The Art Of The Interview

  • Article by: MATT KRUMRIE , Star Tribune Sales and Marketing
  • Updated: June 28, 2009 - 3:52 PM

Got an interview? Don’t know what the recruiter is going to ask? Don’t panic, follow these tips to help ease your fears and impress the hiring manager. What would you do? (These are questions to hear how you think through a situation.)

Dear Matt: I'm often stumped by interview questions. How can I learn how to answer tough interview questions - especially when I don't know what they are going to be?

Matt: Interviews are like résumés - there is no one-size-fits-all response. Thus, I can understand your frustration, as we've all been in your situation.

But, I do like the ideas of how to prepare for the interview presented by Kasey Comnick, a staffing specialist with Ecolab Inc. in St. Paul. Comnick says you can anticipate what kind of interview questions you can expect by looking at the job description you read when you applied for the position. There is typically a "key qualifications" or "skills needed" section with a bulleted list of skills and traits the job requires.This is where the bulk of interview questions come from. So, for example, if a key qualification is the ability to manage a cross-functional project team, make sure you have an example that shows you have this skill. Come up with one to two examples for each qualification and you should be off to a good start in your preparation.

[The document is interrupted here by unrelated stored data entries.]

text \<open>Each component of G is the image of a component of G - w; the component of w is hit
  through its neighbour x.\<close>
lemma reach_Image_quotient_delete:
  assumes "sym E" "w \<in> V" "(w, x) \<in> E" "x \<in> V - {w}"
  defines "R \<equiv> reach V E" and "R' \<equiv> reach (V - {w}) (induced_edges E (V - {w}))"
  shows "(\<lambda>X. R `` X) ` ((V - {w}) // R') = V // R"
proof
  have Image_class: "R `` (R' `` {y}) = R `` {y}" if "y \<in> V - {w}" for y
    unfolding R_def R'_def using Image_reach_induced_edges[OF assms(1) _ that] by blast
  show "(\<lambda>X. R `` X) ` ((V - {w}) // R') \<subseteq> V // R"
  proof (rule image_subsetI)
    fix X assume "X \<in> (V - {w}) // R'"
    then obtain y where "y \<in> V - {w}" "X = R' `` {y}" by (rule quotientE)
    then show "R `` X \<in> V // R" using Image_class by (auto intro: quotientI)
  qed
  show "V // R \<subseteq> (\<lambda>X. R `` X) ` ((V - {w}) // R')"
  proof
    fix Y assume "Y \<in> V // R"
    then obtain y where "y \<in> V" "Y = R `` {y}" by (rule quotientE)
    have "(w, x) \<in> R" using assms(2-4) unfolding R_def reach_def by blast
    then have "R `` {w} = R `` {x}"
      unfolding R_def by (rule equiv_class_eq[OF equiv_reach[OF assms(1)]])
    then obtain y' where "y' \<in> V - {w}" "Y = R `` {y'}"
      using \<open>y \<in> V\<close> \<open>Y = R `` {y}\<close> assms(4) by (cases "y = w") auto
    then show "Y \<in> (\<lambda>X. R `` X) ` ((V - {w}) // R')"
      using Image_class by (auto intro: quotientI)
  qed
qed

lemma reach_delete_vertex_if_not_cut_vertex:
  assumes "finite V" "sym E" "w \<in> V" "\<not> cut_vertex V E w" "(w, x) \<in> E" "x \<in> V - {w}"
    and u: "u \<in> V - {w}" and v: "v \<in> V - {w}" and uv: "(u, v) \<in> reach V E"
  shows "(u, v) \<in> reach (V - {w}) (induced_edges E (V - {w}))"
proof (rule ccontr)
  define R R' where "R = reach V E" and "R' = reach (V - {w}) (induced_edges E (V - {w}))"
  define Q where "Q = (V - {w}) // R'"
  assume "(u, v) \<notin> R'"
  have "equiv (V - {w}) R'" unfolding R'_def using equiv_reach assms(2) sym_induced_edges by blast
  have "R' `` {u} \<noteq> R' `` {v}"
    using eq_equiv_class_iff[OF \<open>equiv (V - {w}) R'\<close> u v] \<open>(u, v) \<notin> R'\<close> by blast
  moreover have "R `` {u} = R `` {v}"
    unfolding R_def by (rule equiv_class_eq[OF equiv_reach[OF assms(2)] uv])
  then have "R `` (R' `` {u}) = R `` (R' `` {v})"
    using Image_reach_induced_edges[OF assms(2), of "V - {w}" V] u v unfolding R_def R'_def by simp
  ultimately have "\<not> inj_on (\<lambda>X. R `` X) Q"
    using u v unfolding inj_on_def Q_def by (meson quotientI)
  moreover have "finite Q"
    using \<open>equiv (V - {w}) R'\<close> assms(1) unfolding Q_def by (simp add: finite_quotient equiv_def)
  ultimately have "card ((\<lambda>X. R `` X) ` Q) < card Q"
    using card_image_le inj_on_iff_eq_card le_neq_implies_less by blast
  then have "card (V // R) < card Q"
    using reach_Image_quotient_delete[OF assms(2,3,5,6)] unfolding Q_def R_def R'_def by simp
  then show False
    using assms(3,4) unfolding cut_vertex_def num_components_def Q_def R_def R'_def by simp
qed

lemma rtrancl_imp_rtrancl_path: "(x, z) \<in> R\<^sup>* \<Longrightarrow> \<exists>xs. rtrancl_path (\<lambda>a b. (a, b) \<in> R) x xs z"
  by (induction rule: converse_rtrancl_induct) (auto intro: rtrancl_path.intros)

lemma rtrancl_path_last_mem: "rtrancl_path R x xs z \<Longrightarrow> z \<in> set (x # xs)"
  by (induction rule: rtrancl_path.induct) auto

lemma rtrancl_path_set_subset:
  "rtrancl_path (\<lambda>a b. (a, b) \<in> R) x xs z \<Longrightarrow> R \<subseteq> S \<times> S \<Longrightarrow> x \<in> S \<Longrightarrow> set (x # xs) \<subseteq> S"
  by (induction rule: rtrancl_path.induct) auto

lemma rtrancl_path_within:
  assumes "rtrancl_path (\<lambda>a b. (a, b) \<in> E) x xs z" "set (x # xs) \<subseteq> T" "p \<in> set (x # xs)"
  shows "(x, p) \<in> (E \<inter> T \<times> T)\<^sup>* \<and> (p, z) \<in> (E \<inter> T \<times> T)\<^sup>*"
  using assms
proof (induction arbitrary: p rule: rtrancl_path.induct)
  case (step x y ys z)
  then have "(x, y) \<in> E \<inter> T \<times> T" by auto
  with step show ?case by (cases "p = x") (auto intro: converse_rtrancl_into_rtrancl)
qed simp

lemma rtrancl_path_delete_vertex:
  assumes "rtrancl_path (\<lambda>a b. (a, b) \<in> E) x xs z" "distinct (x # xs)"
    "set (x # xs) - {v} \<subseteq> T" "p \<in> set (x # xs)" "p \<in> T"
  shows "(x, p) \<in> (E \<inter> T \<times> T)\<^sup>* \<or> (p, z) \<in> (E \<inter> T \<times> T)\<^sup>*"
  using assms
proof (induction arbitrary: p rule: rtrancl_path.induct)
  case (step x y ys z)
  show ?case
  proof (cases "p = x")
    case False
    then have IH: "(y, p) \<in> (E \<inter> T \<times> T)\<^sup>* \<or> (p, z) \<in> (E \<inter> T \<times> T)\<^sup>*"
      using step by (intro step.IH) auto
    show ?thesis
    proof (cases "x \<in> T")
      case True
      then show ?thesis using IH step rtrancl_Int_Times_mem_iff
        by (metis IntI mem_Sigma_iff converse_rtrancl_into_rtrancl)
    next
      case False
      then have "set (y # ys) \<subseteq> T" using step.prems by auto
      then show ?thesis
        using rtrancl_path_within[OF step.hyps(2)] \<open>p \<noteq> x\<close> step.prems(3) by auto
    qed
  qed simp
qed simp

lemma rtrancl_exit:
  assumes "(x, y) \<in> R\<^sup>*" "x \<notin> K" "y \<in> K"
  shows "\<exists>z b. (x, z) \<in> (R \<inter> (- K) \<times> (- K))\<^sup>* \<and> z \<notin> K \<and> b \<in> K \<and> (z, b) \<in> R"
  using assms
proof (induction rule: converse_rtrancl_induct)
  case (step x x')
  then show ?case
    by (cases "x' \<in> K") (blast, auto intro: converse_rtrancl_into_rtrancl)
qed simp

lemma rtrancl_exit_path:
  assumes "(x, y) \<in> (E \<inter> U \<times> U)\<^sup>*" "x \<in> U" "x \<notin> K" "y \<in> K"
  obtains xs z b where "rtrancl_path (\<lambda>a b. (a, b) \<in> E) x xs z" "distinct (x # xs)"
    "set (x # xs) \<subseteq> U - K" "b \<in> K \<inter> U" "(z, b) \<in> E"
proof -
  define R where "R = E \<inter> U \<times> U \<inter> (- K) \<times> (- K)"
  obtain z b where "(x, z) \<in> R\<^sup>*" and "b \<in> K" and zb: "(z, b) \<in> E \<inter> U \<times> U"
    using rtrancl_exit[OF assms(1,3,4)] unfolding R_def by blast
  obtain xs' where "rtrancl_path (\<lambda>a b. (a, b) \<in> R) x xs' z"
    using rtrancl_imp_rtrancl_path[OF \<open>(x, z) \<in> R\<^sup>*\<close>] by blast
  then obtain xs where path: "rtrancl_path (\<lambda>a b. (a, b) \<in> R) x xs z" and "distinct (x # xs)"
    by (rule rtrancl_path_distinct)
  have "set (x # xs) \<subseteq> U - K"
    using rtrancl_path_set_subset[OF path, of "U - K"] assms(2,3) unfolding R_def by blast
  moreover have "rtrancl_path (\<lambda>a b. (a, b) \<in> E) x xs z"
    using path by (rule rtrancl_path_mono) (simp add: R_def)
  ultimately show ?thesis using that \<open>distinct (x # xs)\<close> \<open>b \<in> K\<close> zb by blast
qed

section \<open>Blocks that are cliques\<close>

lemma clique_Un_path_reaches_clique:
  assumes symE: "sym E" and K: "w \<in> K" "b \<in> K" "w \<noteq> b"
    and path: "rtrancl_path (\<lambda>x y. (x, y) \<in> E) u xs z" "distinct (u # xs)"
    and PK: "set (u # xs) \<inter> K = {}" and ends: "(w, u) \<in> E" "(z, b) \<in> E"
    and T: "K \<union> set (u # xs) - {v} \<subseteq> T" "T \<subseteq> K \<union> set (u # xs)" and p: "p \<in> T"
  shows "\<exists>q\<in>K \<inter> T. (p, q) \<in> (E \<inter> T \<times> T)\<^sup>*"
proof (cases "p \<in> K")
  case False
  define P where "P = set (u # xs)"
  have "p \<in> P" using T p False unfolding P_def by auto
  have via_w: "(p, w) \<in> (E \<inter> T \<times> T)\<^sup>*" if "(u, p) \<in> (E \<inter> T \<times> T)\<^sup>*" "w \<in> T"
  proof -
    have "u \<in> T" using rtrancl_Int_Times_mem_iff[OF that(1)] p by blast
    then have "(u, w) \<in> E \<inter> T \<times> T" using ends(1) symE \<open>w \<in> T\<close> unfolding sym_def by blast
    then show ?thesis by (rule rtrancl_into_rtrancl[OF rtrancl_Int_Times_sym[OF symE that(1)]])
  qed
  have via_b: "(p, b) \<in> (E \<inter> T \<times> T)\<^sup>*" if "(p, z) \<in> (E \<inter> T \<times> T)\<^sup>*" "b \<in> T"
  proof -
    have "z \<in> T" using rtrancl_Int_Times_mem_iff[OF that(1)] p by blast
    then have "(z, b) \<in> E \<inter> T \<times> T" using ends(2) \<open>b \<in> T\<close> by blast
    then show ?thesis by (rule rtrancl_into_rtrancl[OF that(1)])
  qed
  have split: "(u, p) \<in> (E \<inter> T \<times> T)\<^sup>* \<or> (p, z) \<in> (E \<inter> T \<times> T)\<^sup>*"
    using rtrancl_path_delete_vertex[OF path, of v T p] T p \<open>p \<in> P\<close> unfolding P_def by blast
  show ?thesis
  proof (cases "w \<in> T \<and> b \<in> T")
    case True
    then show ?thesis using split via_w via_b K(1,2) by blast
  next
    case False
    then have "P \<subseteq> T" using T K PK unfolding P_def by blast
    then have "(u, p) \<in> (E \<inter> T \<times> T)\<^sup>* \<and> (p, z) \<in> (E \<inter> T \<times> T)\<^sup>*"
      using rtrancl_path_within[OF path(1), of T p] \<open>p \<in> P\<close> unfolding P_def by blast
    moreover have "w \<in> T \<or> b \<in> T" using T K by blast
    ultimately show ?thesis using via_w via_b K(1,2) by blast
  qed
next
  case True
  then show ?thesis using p by blast
qed

text \<open>Deleting any vertex leaves every remaining vertex joined to what remains of the clique.\<close>
lemma nonsep_clique_Un_path:
  assumes symE: "sym E" and clq: "clique V E K" and K: "w \<in> K" "b \<in> K" "w \<noteq> b"
    and path: "rtrancl_path (\<lambda>x y. (x, y) \<in> E) u xs z" "distinct (u # xs)"
    and PV: "set (u # xs) \<subseteq> V - K" and ends: "(w, u) \<in> E" "(z, b) \<in> E"
  shows "nonsep V E (K \<union> set (u # xs))"
proof -
  define H where "H = K \<union> set (u # xs)"
  have K_adj: "\<forall>x\<in>K. \<forall>y\<in>K. x \<noteq> y \<longrightarrow> (x, y) \<in> E" and "K \<subseteq> V"
    using clq unfolding clique_def by auto
  have "set (u # xs) \<inter> K = {}" using PV by blast
  note reaches = clique_Un_path_reaches_clique[OF symE K path this ends, folded H_def]
  have connected: "connected_graph T (induced_edges E T)" if "H - {v} \<subseteq> T" "T \<subseteq> H" for T v
  proof (rule connected_graph_if_reaches_clique[OF symE])
    show "K \<inter> T \<subseteq> T" "K \<inter> T \<noteq> {}" using that K unfolding H_def by blast+
    show "\<forall>x\<in>K \<inter> T. \<forall>y\<in>K \<inter> T. x \<noteq> y \<longrightarrow> (x, y) \<in> E" using K_adj by blast
    show "\<forall>p\<in>T. \<exists>q\<in>K \<inter> T. (p, q) \<in> (E \<inter> T \<times> T)\<^sup>*" using reaches that by blast
  qed
  have "H \<subseteq> V" using PV \<open>K \<subseteq> V\<close> unfolding H_def by blast
  moreover have "connected_graph H (induced_edges E H)" by (rule connected[where v = w]) auto
  moreover have "\<not> cut_vertex H (induced_edges E H) v" if "v \<in> H" for v
  proof (rule not_cut_vertex_if_connected)
    show "connected_graph H (induced_edges E H)" by (rule connected[where v = w]) auto
    have "connected_graph (H - {v}) (induced_edges E (H - {v}))" by (rule connected) auto
    then show "connected_graph (H - {v}) (induced_edges (induced_edges E H) (H - {v}))"
      by (simp add: induced_edges_induced_edges Diff_subset)
  qed
  ultimately show ?thesis unfolding nonsep_def H_def by blast
qed

lemma neighbour_mem_block_clique:
  assumes G: "graph V E" and clq: "clique V E K" and blk: "is_block V E K"
    and K: "c \<in> K" "w \<in> K" "w \<noteq> c" and ncut: "\<not> cut_vertex V E w" and wu: "(w, u) \<in> E"
  shows "u \<in> K"
proof (rule ccontr)
  assume "u \<notin> K"
  have "finite V" "sym E" "E \<subseteq> V \<times> V" using G unfolding graph_def by auto
  have "K \<subseteq> V" "(w, c) \<in> E" using clq K unfolding clique_def by auto
  define V' where "V' = V - {w}"
  have "u \<in> V'" "c \<in> V'" "w \<in> V"
    using wu \<open>E \<subseteq> V \<times> V\<close> \<open>u \<notin> K\<close> K \<open>K \<subseteq> V\<close> unfolding V'_def by auto
  have "(u, w) \<in> E \<inter> V \<times> V" "(w, c) \<in> E \<inter> V \<times> V"
    using wu \<open>(w, c) \<in> E\<close> \<open>sym E\<close> \<open>E \<subseteq> V \<times> V\<close> unfolding sym_def by blast+
  then have "(u, c) \<in> (E \<inter> V \<times> V)\<^sup>*" by (rule rtrancl_into_rtrancl[OF r_into_rtrancl])
  then have "(u, c) \<in> reach V E" using \<open>u \<in> V'\<close> \<open>c \<in> V'\<close> unfolding reach_def V'_def by blast
  with \<open>u \<in> V'\<close> \<open>c \<in> V'\<close> have "(u, c) \<in> reach V' (induced_edges E V')"
    unfolding V'_def
    by (intro reach_delete_vertex_if_not_cut_vertex[OF \<open>finite V\<close> \<open>sym E\<close> \<open>w \<in> V\<close> ncut wu])
  then have "(u, c) \<in> (E \<inter> V' \<times> V')\<^sup>*" unfolding reach_induced_edges by blast
  then obtain xs z b where path: "rtrancl_path (\<lambda>x y. (x, y) \<in> E) u xs z" "distinct (u # xs)"
    and "set (u # xs) \<subseteq> V' - K" "b \<in> K \<inter> V'" "(z, b) \<in> E"
    using \<open>u \<in> V'\<close> \<open>u \<notin> K\<close> K(1) by (rule rtrancl_exit_path)
  then have "b \<in> K" "w \<noteq> b" "set (u # xs) \<subseteq> V - K" unfolding V'_def by auto
  then have "nonsep V E (K \<union> set (u # xs))"
    by (rule nonsep_clique_Un_path[OF \<open>sym E\<close> clq K(2) _ _ path _ wu \<open>(z, b) \<in> E\<close>])
  moreover have "K \<subset> K \<union> set (u # xs)" "K \<union> set (u # xs) \<subseteq> V"
    using \<open>u \<notin> K\<close> \<open>K \<subseteq> V\<close> \<open>set (u # xs) \<subseteq> V - K\<close> by auto
  ultimately show False using blk unfolding is_block_def by blast
qed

Most interviews contain positive and negative questions, says Comnick. Positive questions are easier. "Tell me about your greatest professional success." But, negative questions are more difficult. "Tell me about your biggest professional failure." The trick here is not to get caught up on the failure, mistake or weakness. The interviewer is looking for how you recognized and overcame that weakness. If you were ineffective at managing a budget in your past role, what have you done differently since then to be successful at this task? Show that you have improved and you will have mastered this type of question.

"Your résumé is a recruiter's way to determine that you have the key skills for the position," says Comnick. "You wouldn't have the interview if they didn't think so."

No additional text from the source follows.